▸ **Supplied records**
(* Let $p=1/2$. There exist sets $\mathcal{X}_t\subset\mathcal{U}_0$, $t>0$, such that (i) $\mathbb{P}(X_t\in\mathcal{X}_t)\to1$ as $t\to\infty$, and (ii) $\lim_{t\to\infty}\frac{\log|\mathcal{X}_t|}{\sqrt t}=\frac{\pi}{\sqrt3}$.
   Context: The simple exclusion process on $\mathbb{Z}$ with parameter $p\in(0,1)$: each site is occupied by at most one particle; each particle attempts to jump one site to the right at rate $p$ and one site to the left at rate $1-p$, an attempt succeeding iff the target site is empty. $O$ is the configuration with every negative site occupied and every non-negative site empty; $\mathcal{U}_0$ is the set of configurations in which the number of particles in $[0,\infty)$ is finite and equal to the number of holes in $(-\infty,0)$. $\mathbb{P}$ is the law of the process started from $O$, $X_t$ the state at time $t$. *)

theory Defs
  imports "HOL-Analysis.Analysis"
begin

(* A configuration: eta x = True iff site x is occupied. *)
type_synonym config = "int \<Rightarrow> bool"

definition Ostep :: config where
  "Ostep = (\<lambda>x. x < 0)"

definition U0 :: "config set" where
  "U0 = {\<eta>. finite {x. 0 \<le> x \<and> \<eta> x} \<and> finite {x. x < 0 \<and> \<not> \<eta> x} \<and>
             card {x. 0 \<le> x \<and> \<eta> x} = card {x. x < 0 \<and> \<not> \<eta> x}}"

▸ **Exercise instructions**
Extract all of the data above without altering anything.

▸ **Your response**
(* Let $p=1/2$. There exist sets $\mathcal{X}_t\subset\mathcal{U}_0$, $t>0$, such that (i) $\mathbb{P}(X_t\in\mathcal{X}_t)\to1$ as $t\to\infty$, and (ii) $\lim_{t\to\infty}\frac{\log|\mathcal{X}_t|}{\sqrt t}=\frac{\pi}{\sqrt3}$.
   Context: The simple exclusion process on $\mathbb{Z}$ with parameter $p\in(0,1)$: each site is occupied by at most one particle; each particle attempts to jump one site to the right at rate $p$ and one site to the left at rate $1-p$, an attempt succeeding iff the target site is empty. $O$ is the configuration with every negative site occupied and every non-negative site empty; $\mathcal{U}_0$ is the set of configurations in which the number of particles in $[0,\infty)$ is finite and equal to the number of holes in $(-\infty,0)$. $\mathbb{P}$ is the law of the process started from $O$, $X_t$ the state at time $t$. *)

theory Defs
  imports "HOL-Analysis.Analysis"
begin

(* A configuration: eta x = True iff site x is occupied. *)
type_synonym config = "int \<Rightarrow> bool"

definition Ostep :: config where
  "Ostep = (\<lambda>x. x < 0)"

definition U0 :: "config set" where
  "U0 = {\<eta>. finite {x. 0 \<le> x \<and> \<eta> x} \<and> finite {x. x < 0 \<and> \<not> \<eta> x} \<and>
             card {x. 0 \<le> x \<and> \<eta> x} = card {x. x < 0 \<and> \<not> \<eta> x}}"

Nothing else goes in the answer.